(* Let $J$ and $K$ be nonempty standard subsets of $\{1,\dots,t\}$ such that for every $i\in K$ we have $i\in J$ or $i-1\in J$. Then $\mathrm{Ext}^1_{\mathcal A_{t,1}}(\Delta(K),\Delta(J))=0$.
   Context: Let $k$ be an algebraically closed field and $t\ge 3$ an integer. $\mathcal A_{t,1}$ is the quotient of the path algebra over $k$ of the quiver with vertices $1,\dots,t$, arrows $\alpha_i:i\to i+1$ ($1\le i\le t-1$) and $\beta_j:j+2\to j$ ($1\le j\le t-2$), by the relations $\beta_1\alpha_2=0$ and $\beta_{i+1}\alpha_{i+2}=\alpha_i\beta_i$ for $1\le i\le t-3$ (compositions of linear maps, written right to left). Modules are finite-dimensional and identified with representations $(M_i;\alpha_i,\beta_j)$ of the quiver satisfying these relations. A subset $J\subseteq\{1,\dots,t\}$ is standard if $j\in J$ implies $j+1\notin J$. For a nonempty standard subset $J$, the standard module $\Delta(J)$ has $\Delta(J)_i=k^{l}$ where $l=\#\{j\in J: j\le i\}$, with standard basis $e_1,\dots,e_l$; each $\alpha_i$ is the natural inclusion $e_h\mapsto e_h$, and each $\beta_j$ sends $e_h\mapsto e_{h-1}$ for $h\ge 2$ and $e_1\mapsto 0$. *)

theory Defs
  imports "Jordan_Normal_Form.Matrix" "HOL-Computational_Algebra.Polynomial"
begin

text \<open>A finite-dimensional representation of the quiver of A_{t,1} in coordinates:
  dimension vector d (vertex i has space k^(d i), i in 1..t), matrices al i (for alpha_i : i -> i+1)
  and be j (for beta_j : j+2 -> j).\<close>
type_synonym 'a rep = "(nat \<Rightarrow> nat) \<times> (nat \<Rightarrow> 'a mat) \<times> (nat \<Rightarrow> 'a mat)"

definition alg_closed_field :: "'a::field itself \<Rightarrow> bool" where
  "alg_closed_field _ \<longleftrightarrow> (\<forall>p::'a poly. degree p > 0 \<longrightarrow> (\<exists>x. poly p x = 0))"

definition is_rep :: "nat \<Rightarrow> 'a::field rep \<Rightarrow> bool" where
  "is_rep t M \<longleftrightarrow> (case M of (d, al, be) \<Rightarrow>
     (\<forall>i\<in>{1..t-1}. al i \<in> carrier_mat (d (i+1)) (d i)) \<and>
     (\<forall>j\<in>{1..t-2}. be j \<in> carrier_mat (d j) (d (j+2))) \<and>
     be 1 * al 2 = 0\<^sub>m (d 1) (d 2) \<and>
     (\<forall>i\<in>{1..t-3}. be (i+1) * al (i+2) = al i * be i))"

definition is_hom :: "nat \<Rightarrow> 'a::field rep \<Rightarrow> 'a rep \<Rightarrow> (nat \<Rightarrow> 'a mat) \<Rightarrow> bool" where
  "is_hom t M N f \<longleftrightarrow> (case M of (d, al, be) \<Rightarrow> case N of (d', al', be') \<Rightarrow>
     (\<forall>i\<in>{1..t}. f i \<in> carrier_mat (d' i) (d i)) \<and>
     (\<forall>i\<in>{1..t-1}. f (i+1) * al i = al' i * f i) \<and>
     (\<forall>j\<in>{1..t-2}. f j * be j = be' j * f (j+2)))"

definition short_exact :: "nat \<Rightarrow> 'a::field rep \<Rightarrow> 'a rep \<Rightarrow> 'a rep
    \<Rightarrow> (nat \<Rightarrow> 'a mat) \<Rightarrow> (nat \<Rightarrow> 'a mat) \<Rightarrow> bool" where
  "short_exact t M E N f g \<longleftrightarrow>
     is_hom t M E f \<and> is_hom t E N g \<and>
     (\<forall>i\<in>{1..t}.
        (\<forall>v\<in>carrier_vec (fst M i). f i *\<^sub>v v = 0\<^sub>v (fst E i) \<longrightarrow> v = 0\<^sub>v (fst M i)) \<and>
        (\<forall>w\<in>carrier_vec (fst N i). \<exists>v\<in>carrier_vec (fst E i). g i *\<^sub>v v = w) \<and>
        (\<forall>v\<in>carrier_vec (fst E i).
           g i *\<^sub>v v = 0\<^sub>v (fst N i) \<longleftrightarrow> (\<exists>u\<in>carrier_vec (fst M i). f i *\<^sub>v u = v)))"

text \<open>Ext^1(N, M) = 0: every short exact sequence 0 -> M -> E -> N -> 0 of representations splits
  (g has a section which is a homomorphism). Every finite-dimensional module is isomorphic to a
  coordinate representation, so quantifying over coordinate representations E suffices.\<close>
definition ext1_zero :: "nat \<Rightarrow> 'a::field rep \<Rightarrow> 'a rep \<Rightarrow> bool" where
  "ext1_zero t N M \<longleftrightarrow>
     (\<forall>E f g. is_rep t E \<and> short_exact t M E N f g \<longrightarrow>
        (\<exists>s. is_hom t N E s \<and> (\<forall>i\<in>{1..t}. g i * s i = 1\<^sub>m (fst N i))))"

definition standard_subset :: "nat \<Rightarrow> nat set \<Rightarrow> bool" where
  "standard_subset t J \<longleftrightarrow> J \<subseteq> {1..t} \<and> (\<forall>j\<in>J. j + 1 \<notin> J)"

text \<open>Standard module Delta(J): dimension l_i = #{j in J. j <= i}; basis e_1..e_l is indexed 0..l-1.
  alpha_i is the natural inclusion, beta_j sends e_h to e_(h-1) (e_1 to 0).\<close>
definition std_dim :: "nat set \<Rightarrow> nat \<Rightarrow> nat" where
  "std_dim J i = card {j\<in>J. j \<le> i}"

definition std_module :: "nat set \<Rightarrow> 'a::field rep" where
  "std_module J = (std_dim J,
     (\<lambda>i. mat (std_dim J (i+1)) (std_dim J i) (\<lambda>(r,c). if r = c then 1 else 0)),
     (\<lambda>j. mat (std_dim J j) (std_dim J (j+2)) (\<lambda>(r,c). if c = r + 1 then 1 else 0)))"

end

theory Submission
  imports Defs
begin

(* A section of g : E -> Delta(K) is built one basis vector of Delta(K) at a time. The basis
   vector e_c (counted from 0, as in std_module) first appears at the vertex k where K reaches
   c + 1 elements, and beta_(k-2) sends it to e_(c-1). Lift e_c at k to some z with
   beta_(k-2) z equal to the lift already chosen for e_(c-1): the discrepancy of an arbitrary
   lift lies in ker g = im f, and it can be removed because k or k - 1 lies in J, which makes
   beta_(k-2) : Delta(J)_k -> Delta(J)_(k-2) surjective. Transporting z along the alphas gives
   the lift at all later vertices; the relations beta_(i+1) alpha_(i+2) = alpha_i beta_i and
   beta_1 alpha_2 = 0 keep it compatible with beta. *)

lemma std_dim_Suc: "std_dim J (Suc i) = std_dim J i + (if Suc i \<in> J then 1 else 0)"
proof -
  have "{j\<in>J. j \<le> Suc i} = (if Suc i \<in> J then insert (Suc i) {j\<in>J. j \<le> i} else {j\<in>J. j \<le> i})"
    by (auto simp: le_Suc_eq)
  then show ?thesis unfolding std_dim_def by auto
qed

lemma std_dim_0: "standard_subset t J \<Longrightarrow> std_dim J 0 = 0"
  unfolding std_dim_def standard_subset_def by auto

lemma std_dim_mono: "i \<le> j \<Longrightarrow> std_dim J i \<le> std_dim J j"
  unfolding std_dim_def by (rule card_mono) auto

lemma std_dim_add_two_le: "standard_subset t J \<Longrightarrow> std_dim J (i + 2) \<le> std_dim J i + 1"
  using std_dim_Suc[of J "Suc i"] std_dim_Suc[of J i] by (auto simp: standard_subset_def)

lemma std_dim_less_add_two: "i + 1 \<in> J \<or> i + 2 \<in> J \<Longrightarrow> std_dim J i < std_dim J (i + 2)"
  using std_dim_Suc[of J "Suc i"] std_dim_Suc[of J i] by auto

lemma std_dim_first_vertex:
  assumes J: "standard_subset t J" and n: "n < std_dim J t"
  obtains k where "k \<in> J" "k \<le> t" "\<And>i. n < std_dim J i \<longleftrightarrow> k \<le> i"
proof
  define k where "k = (LEAST i. n < std_dim J i)"
  have nk: "n < std_dim J k" unfolding k_def using n by (rule LeastI)
  show above: "n < std_dim J i \<longleftrightarrow> k \<le> i" for i
  proof
    assume "n < std_dim J i" then show "k \<le> i" unfolding k_def by (rule Least_le)
  next
    assume "k \<le> i" then show "n < std_dim J i" using nk std_dim_mono[of k i J] by linarith
  qed
  then show "k \<le> t" using n by blast
  have "k \<noteq> 0"
  proof
    assume "k = 0" then show False using nk std_dim_0[OF J] by simp
  qed
  then have "std_dim J k = std_dim J (k - 1) + (if k \<in> J then 1 else 0)"
    using std_dim_Suc[of J "k - 1"] by simp
  moreover have "\<not> k \<le> k - 1" using \<open>k \<noteq> 0\<close> by arith
  then have "std_dim J (k - 1) \<le> n" using above[of "k - 1"] by simp
  ultimately show "k \<in> J" using nk by (auto split: if_splits)
qed

definition incl_mat :: "(nat \<Rightarrow> nat) \<Rightarrow> nat \<Rightarrow> 'a::field mat" where
  "incl_mat D i = mat (D (i + 1)) (D i) (\<lambda>(r, c). if r = c then 1 else 0)"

### Problem to work on
Print exactly, and only, the lines running from the one that contains "by (rule LeastI)" to the last line of the records above.

### Task answer
  have nk: "n < std_dim J k" unfolding k_def using n by (rule LeastI)
  show above: "n < std_dim J i \<longleftrightarrow> k \<le> i" for i
  proof
    assume "n < std_dim J i" then show "k \<le> i" unfolding k_def by (rule Least_le)
  next
    assume "k \<le> i" then show "n < std_dim J i" using nk std_dim_mono[of k i J] by linarith
  qed
  then show "k \<le> t" using n by blast
  have "k \<noteq> 0"
  proof
    assume "k = 0" then show False using nk std_dim_0[OF J] by simp
  qed
  then have "std_dim J k = std_dim J (k - 1) + (if k \<in> J then 1 else 0)"
    using std_dim_Suc[of J "k - 1"] by simp
  moreover have "\<not> k \<le> k - 1" using \<open>k \<noteq> 0\<close> by arith
  then have "std_dim J (k - 1) \<le> n" using above[of "k - 1"] by simp
  ultimately show "k \<in> J" using nk by (auto split: if_splits)
qed

definition incl_mat :: "(nat \<Rightarrow> nat) \<Rightarrow> nat \<Rightarrow> 'a::field mat" where
  "incl_mat D i = mat (D (i + 1)) (D i) (\<lambda>(r, c). if r = c then 1 else 0)"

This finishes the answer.